When the defense attorneys decide they want to look at specific medical records the plaintiff’s lawyer hasn’t already provided, the plaintiff often has to give authorization allowing the release of further medical information. Because of privacy regulations, each authorization must be specific to the facility, so the plaintiff might have to sign a lot of forms.
Sometimes the defense asks for medical information by issuing a subpoena to a facility. If they take this route, they have to notify the plaintiff’s attorney. If the request is for something inappropriate or irrelevant, the attorney can try to block the subpoena or review records first to protect the plaintiff’s privacy.
Normally, the defense can also have its own medical expert examine the plaintiff. This step is called an "independent medical examination." The plaintiff’s attorney helps arrange such an exam and should protect the client from any improprieties, such as medical tests that aren’t related to the plaintiff’s claims.
If you have a ranitidine case, and it gets to the point of a deposition (or even trial), the defense will ask you about your health, your diagnosis, and your treatment.

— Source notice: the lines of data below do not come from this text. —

lemma good_pair_if_a_set:
  assumes u: "u \<in> a_set k" and w: "w \<in> a_set k" and meet: "set u \<inter> set w = {1}"
  shows "good_pair k (u, w)"
proof -
  have u': "is_word u" "closed_word u" "length u = k + 1" "hd u = 1" "single_loop_word u"
    and w': "is_word w" "closed_word w" "length w = k + 1" "hd w = 1" "single_loop_word w"
    using u w by (simp_all add: a_set_iff)
  have one: "{1} \<in> set (edge_list u)" "{1} \<in> set (edge_list w)"
    using u'(5) w'(5) unfolding single_loop_word_def by (metis count_notin zero_neq_one)+
  have "u \<in> V k" "w \<in> V k"
    using u' w' one by (auto simp: V_def edges_eq_set_edge_list)
  moreover have "2 \<le> Nedge e u + Nedge e w" if "e \<in> edges u \<union> edges w" for e
  proof (cases "is_loop e")
    case True
    then have "e = {1}" using that u'(5) w'(5) by (auto simp: single_loop_word_def edges_eq_set_edge_list)
    then show ?thesis using u'(5) w'(5) by (simp add: single_loop_word_def Nedge_eq_count_list)
  next
    case False
    then show ?thesis
      using that u'(5) w'(5)
      by (fastforce simp: single_loop_word_def edges_eq_set_edge_list Nedge_eq_count_list)
  qed
  moreover have "card (set u \<union> set w) = k"
    using card_Un_Int[of "set u" "set w"] meet u'(3,5) w'(3,5) by (simp add: single_loop_word_def)
  ultimately show ?thesis
    using one
    by (auto simp: good_pair_def weak_CLT_pair_def edges_pair_def Nedge_pair_def wt_pair_def supp_def
        edges_eq_set_edge_list)
qed
lemma (in real_distribution) measure_Ioc_le_integral_char:
  assumes char_int: "integrable lborel (char M)"
    and "a \<le> b" "measure M {a} = 0" "measure M {b} = 0"
  shows "measure M {a<..b} \<le> (b - a) / (2 * pi) * (\<integral>t. norm (char M t) \<partial>lborel)"
proof -
  define F where "F t = (iexp (- (t * a)) - iexp (- (t * b))) / (\<i> * t)" for t :: real
  define K where "K = (\<integral>t. norm (char M t) \<partial>lborel)"
  have F_bound: "norm (F t) \<le> b - a" for t
  proof (cases "t = 0")
    case False
    then show ?thesis
      using Levy_Inversion_aux2[of "- b" "- a" t] \<open>a \<le> b\<close> by (simp add: F_def)
  qed (simp add: F_def \<open>a \<le> b\<close>)
  have bound: "norm (complex_of_real (1 / (2 * pi)) * (CLBINT t=- real T..real T. F t * char M t))
      \<le> (b - a) / (2 * pi) * K"
    for T :: nat
  proof -
    let ?I = "\<lambda>t. indicator (einterval (- real T) (real T)) t *\<^sub>R (F t * char M t)"
    have F_meas: "F \<in> borel_measurable borel"
      unfolding F_def by measurable
    have I_bound: "norm (?I t) \<le> (b - a) * norm (char M t)" for t
      using F_bound[of t] \<open>a \<le> b\<close> by (auto simp: indicator_def norm_mult intro: mult_right_mono)
    have bound_int: "integrable lborel (\<lambda>t. (b - a) * norm (char M t))"
      using char_int by simp
    then have "integrable lborel ?I"
      by (rule Bochner_Integration.integrable_bound)
        (use F_meas I_bound in \<open>auto intro: abs_ge_self order_trans\<close>)
    then have "norm (\<integral>t. ?I t \<partial>lborel) \<le> (\<integral>t. (b - a) * norm (char M t) \<partial>lborel)"
      using bound_int I_bound by (rule Bochner_Integration.integral_norm_bound_integral)
    also have "(\<integral>t. ?I t \<partial>lborel) = (CLBINT t=- real T..real T. F t * char M t)"
      by (simp add: interval_lebesgue_integral_def set_lebesgue_integral_def)
    finally show ?thesis
      by (simp add: K_def norm_mult norm_divide divide_right_mono)
  qed
  have "(\<lambda>T. complex_of_real (1 / (2 * pi)) * (CLBINT t=- real T..real T. F t * char M t))
      \<longlonglongrightarrow> complex_of_real (measure M {a<..b})"
    using Levy_Inversion[OF assms(2-4)] by (simp add: F_def)
  then have "norm (complex_of_real (measure M {a<..b})) \<le> (b - a) / (2 * pi) * K"
    by (rule Lim_norm_ubound[OF trivial_limit_sequentially]) (use bound in auto)
  then show ?thesis
    by (simp add: K_def)
qed

lemma (in real_distribution) measure_singleton_eq_0_if_integrable_char:
  assumes "integrable lborel (char M)"
  shows "measure M {c} = 0"
proof -
  define K where "K = (\<integral>t. norm (char M t) \<partial>lborel)"
  have "K \<ge> 0"
    unfolding K_def by simp
  have exists_non_atom: "\<exists>x\<in>{l<..<r}. measure M {x} = 0" if "l < r" for l r :: real
  proof (rule ccontr)
    assume "\<not> ?thesis"
    then have "{l<..<r} \<subseteq> {x. measure M {x} > 0}"
      using measure_nonneg[of M] by (force simp: order_le_less)
    then show False
      using countable_atoms countable_subset uncountable_open_interval that by metis
  qed
  have "measure M {c} \<le> 0 + e" if "e > 0" for e
  proof -
    define h where "h = e * pi / (K + 1)"
    have "h > 0"
      using \<open>e > 0\<close> \<open>K \<ge> 0\<close> by (simp add: h_def)
    then obtain l r where lr: "l \<in> {c - h<..<c}" "r \<in> {c<..<c + h}"
      and non_atoms: "measure M {l} = 0" "measure M {r} = 0"
      using exists_non_atom[of "c - h" c] exists_non_atom[of c "c + h"] by auto
    then have "measure M {c} \<le> measure M {l<..r}"
      by (intro finite_measure_mono) auto
    also have "\<dots> \<le> (r - l) / (2 * pi) * K"
      unfolding K_def using lr non_atoms by (intro measure_Ioc_le_integral_char assms) auto
    also have "\<dots> \<le> (2 * h) / (2 * pi) * K"
      using lr \<open>K \<ge> 0\<close> by (intro mult_right_mono divide_right_mono) auto
    also have "\<dots> = e * K / (K + 1)"
      by (simp add: h_def)
    also have "\<dots> \<le> e"
      using \<open>e > 0\<close> \<open>K \<ge> 0\<close> by (simp add: divide_le_eq)
    finally show ?thesis
      by simp
  qed
  then have "measure M {c} \<le> 0"
    by (rule field_le_epsilon)
  then show ?thesis
    using measure_nonneg[of M "{c}"] by linarith
qed

lemma interval_integral_eq_half_if_reflection_sum:
  fixes f :: "real \<Rightarrow> real"
  assumes "0 \<le> a" and f_int: "integrable lborel (\<lambda>t. indicator {0<..<a} t * f t)"
    and reflection_sum: "\<And>t. 0 < t \<Longrightarrow> t < a \<Longrightarrow> f t + f (a - t) = c"
  shows "(LBINT t=0..a. f t) = a * c / 2"
proof -
  let ?I = "\<lambda>g. \<integral>t. indicator {0<..<a} t * g t \<partial>lborel"
  have LBINT_eq: "(LBINT t=0..a. f t) = ?I f"
    using \<open>0 \<le> a\<close>
    by (simp add: interval_lebesgue_integral_def set_lebesgue_integral_def zero_ereal_def)
  have indicator_reflect: "indicator {0<..<a} (a - t) = (indicator {0<..<a} t :: real)" for t
    by (auto simp: indicator_def)
  have "?I f = \<bar>- 1\<bar> *\<^sub>R (\<integral>t. indicator {0<..<a} (a + - 1 * t) * f (a + - 1 * t) \<partial>lborel)"
    by (rule lborel_integral_real_affine) simp
  also have "\<dots> = ?I (\<lambda>t. f (a - t))"
    by (simp add: indicator_reflect)
  finally have reflected: "?I f = ?I (\<lambda>t. f (a - t))" .
  have "integrable lborel (\<lambda>t. indicator {0<..<a} (a + - 1 * t) * f (a + - 1 * t))"
    using f_int by (rule lborel_integrable_real_affine) simp
  then have f_reflect_int: "integrable lborel (\<lambda>t. indicator {0<..<a} t * f (a - t))"
    by (simp add: indicator_reflect)
  have "2 * ?I f = ?I f + ?I (\<lambda>t. f (a - t))"
    using reflected by simp
  also have "\<dots> = (\<integral>t. indicator {0<..<a} t * f t + indicator {0<..<a} t * f (a - t) \<partial>lborel)"
    using f_int f_reflect_int by (rule Bochner_Integration.integral_add[symmetric])
  also have "\<dots> = (\<integral>t. indicator {0<..<a} t * c \<partial>lborel)"
    by (intro Bochner_Integration.integral_cong refl)
      (auto simp: indicator_def reflection_sum distrib_left[symmetric])
  also have "\<dots> = a * c"
    using \<open>0 \<le> a\<close> by simp
  finally show ?thesis
    using LBINT_eq by simp
qed
lemma tendsto_zero_if_product_bound:
  fixes a b :: "nat \<Rightarrow> real"
  assumes a: "a \<longlonglongrightarrow> W" "W > 0" and b: "\<And>n. 0 \<le> b n" "\<And>n. a n * b n < 1 / real (Suc n)"
  shows "b \<longlonglongrightarrow> 0"
proof (rule tendsto_sandwich[of "\<lambda>n. 0" _ _ "\<lambda>n. 2 / W * (1 / real (Suc n))"])
  have "\<forall>\<^sub>F n in sequentially. W / 2 < a n" using order_tendstoD(1)[OF a(1), of "W / 2"] a(2) by simp
  then show "\<forall>\<^sub>F n in sequentially. b n \<le> 2 / W * (1 / real (Suc n))"
  proof eventually_elim
    case (elim n)
    then have "W / 2 * b n \<le> a n * b n" using b(1)[of n] by (intro mult_right_mono) simp_all
    with b(2)[of n] have "W / 2 * b n \<le> 1 / real (Suc n)" by simp
    then have "2 / W * (W / 2 * b n) \<le> 2 / W * (1 / real (Suc n))"
      using a(2) by (intro mult_left_mono) simp_all
    with a(2) show ?case by simp
  qed
  have "(\<lambda>n. 1 / real (Suc n)) \<longlonglongrightarrow> 0" using LIMSEQ_Suc[OF lim_const_over_n[of 1]] by simp
  then show "(\<lambda>n. 2 / W * (1 / real (Suc n))) \<longlonglongrightarrow> 0" using tendsto_mult_right_zero by blast
qed (use b(1) in simp_all)

lemma tendsto_zero_if_sq_bound:
  fixes b c :: "nat \<Rightarrow> real"
  assumes "b \<longlonglongrightarrow> 0" "K > 0" "\<And>n. (c n)\<^sup>2 * K \<le> b n"
  shows "c \<longlonglongrightarrow> 0"
proof -
  have "(\<lambda>n. b n / K) \<longlonglongrightarrow> 0" by (rule tendsto_divide_zero[OF assms(1)])
  then have "(\<lambda>n. (c n)\<^sup>2) \<longlonglongrightarrow> 0"
    by (rule tendsto_sandwich[rotated 2, OF tendsto_const])
      (use assms(2,3) in \<open>simp_all add: pos_le_divide_eq\<close>)
  then have "(\<lambda>n. sqrt ((c n)\<^sup>2)) \<longlonglongrightarrow> sqrt 0" by (rule tendsto_real_sqrt)
  then show ?thesis by (simp add: tendsto_rabs_zero_iff)
qed

section \<open>[\<phi>, e3]-minimal surfaces\<close>

locale phi_minimal_surface =
  fixes A :: "((real \<times> real) set \<times> (real \<times> real \<Rightarrow> 'm::{t2_space, first_countable_topology})) set"
    and F :: "'m \<Rightarrow> real^3" and N :: "'m \<Rightarrow> real^3" and \<phi> :: "real \<Rightarrow> real"
  assumes smooth: "smooth_real \<phi>" and atlas: "surface_atlas A" and immersion: "immersion A F"
    and normal: "unit_normal A F N" and minimal: "phi_e3_minimal A F N \<phi>"
begin

lemma phi_differentiable: "\<phi> differentiable (at x)"
  using smooth unfolding smooth_real_def by (metis funpow_0)

lemma deriv_phi_continuous: "continuous_on UNIV (deriv \<phi>)"
proof -
  have "((deriv ^^ Suc 0) \<phi>) differentiable (at x)" for x
    using smooth unfolding smooth_real_def by blast
  then show ?thesis by (simp add: differentiable_imp_continuous_within continuous_at_imp_continuous_on)
qed

lemma N_unit: "N p \<bullet> N p = 1"
  using normal unfolding unit_normal_def by (simp add: norm_eq_1)

lemma chart_props:
  assumes "(V, x) \<in> A"
  shows "open V" "open (x ` V)" "inj_on x V" "continuous_on (x ` V) (inv_into V x)" "Ck_on k V (F \<circ> x)"
  using assms atlas immersion unfolding surface_atlas_def immersion_def smooth2_on_def by fast+

lemma chart_unit_normal:
  assumes "(V, x) \<in> A" "q \<in> V"
  shows "unit_normal_at (F \<circ> x) (N (x q)) q" "metric_det (F \<circ> x) q > 0"
proof -
  show pos: "metric_det (F \<circ> x) q > 0"
    using immersion assms unfolding immersion_def metric_det_def by (fast intro: metric_det_pos_if_inj)
  show "unit_normal_at (F \<circ> x) (N (x q)) q"
    using normal assms pos N_unit unfolding unit_normal_def unit_normal_at_def by fastforce
qed

lemma chart_mean_curv:
  "(V, x) \<in> A \<Longrightarrow> q \<in> V \<Longrightarrow>
     mean_curv_vec (F \<circ> x) (N (x q)) q = (deriv \<phi> ((F \<circ> x) q \<bullet> e3) * (N (x q) \<bullet> e3)) *\<^sub>R N (x q)"
  using minimal unfolding phi_e3_minimal_def by fastforce

lemma obtain_chart:
  obtains V x q where "(V, x) \<in> A" "q \<in> V" "x q = p"
proof -
  have "p \<in> (\<Union>(V, x)\<in>A. x ` V)" using atlas unfolding surface_atlas_def by blast
  then show ?thesis using that by blast
qed

lemma continuous_on_if_charts:
  assumes "\<And>V x. (V, x) \<in> A \<Longrightarrow> continuous_on V (h \<circ> x)"
  shows "continuous_on UNIV h"
proof -
  have "isCont h p" for p
  proof -
    obtain V x q where Vx: "(V, x) \<in> A" "q \<in> V" "x q = p" by (rule obtain_chart)
    note c = chart_props[OF Vx(1)]
    have "continuous_on (x ` V) (\<lambda>z. (h \<circ> x) (inv_into V x z))"
      by (rule continuous_on_compose2[OF assms[OF Vx(1)] c(4)]) (auto simp: inv_into_into)
    then have "continuous_on (x ` V) h"
      by (rule continuous_on_cong[THEN iffD1, OF refl, rotated]) (simp add: f_inv_into_f)
    then show ?thesis using c(2) Vx continuous_on_eq_continuous_at by blast
  qed
  then show ?thesis by (simp add: continuous_at_imp_continuous_on)
qed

Sometimes plaintiffs’ deposition (and trial) answers differ from their written answers to interrogatories because of a mistake in memory. These small discrepancies are normal and extremely unlikely to affect the plaintiff’s case. If you have a case, you don't need to prove that your diagnosis is correct or even understand the medical details; expert witnesses will weigh in on those subjects.
If you’re considering filing a lawsuit over Zantac® or ranitidine, you should consult an attorney as soon as reasonably possible. An experienced lawyer will be able to explain the law as it applies to your situation.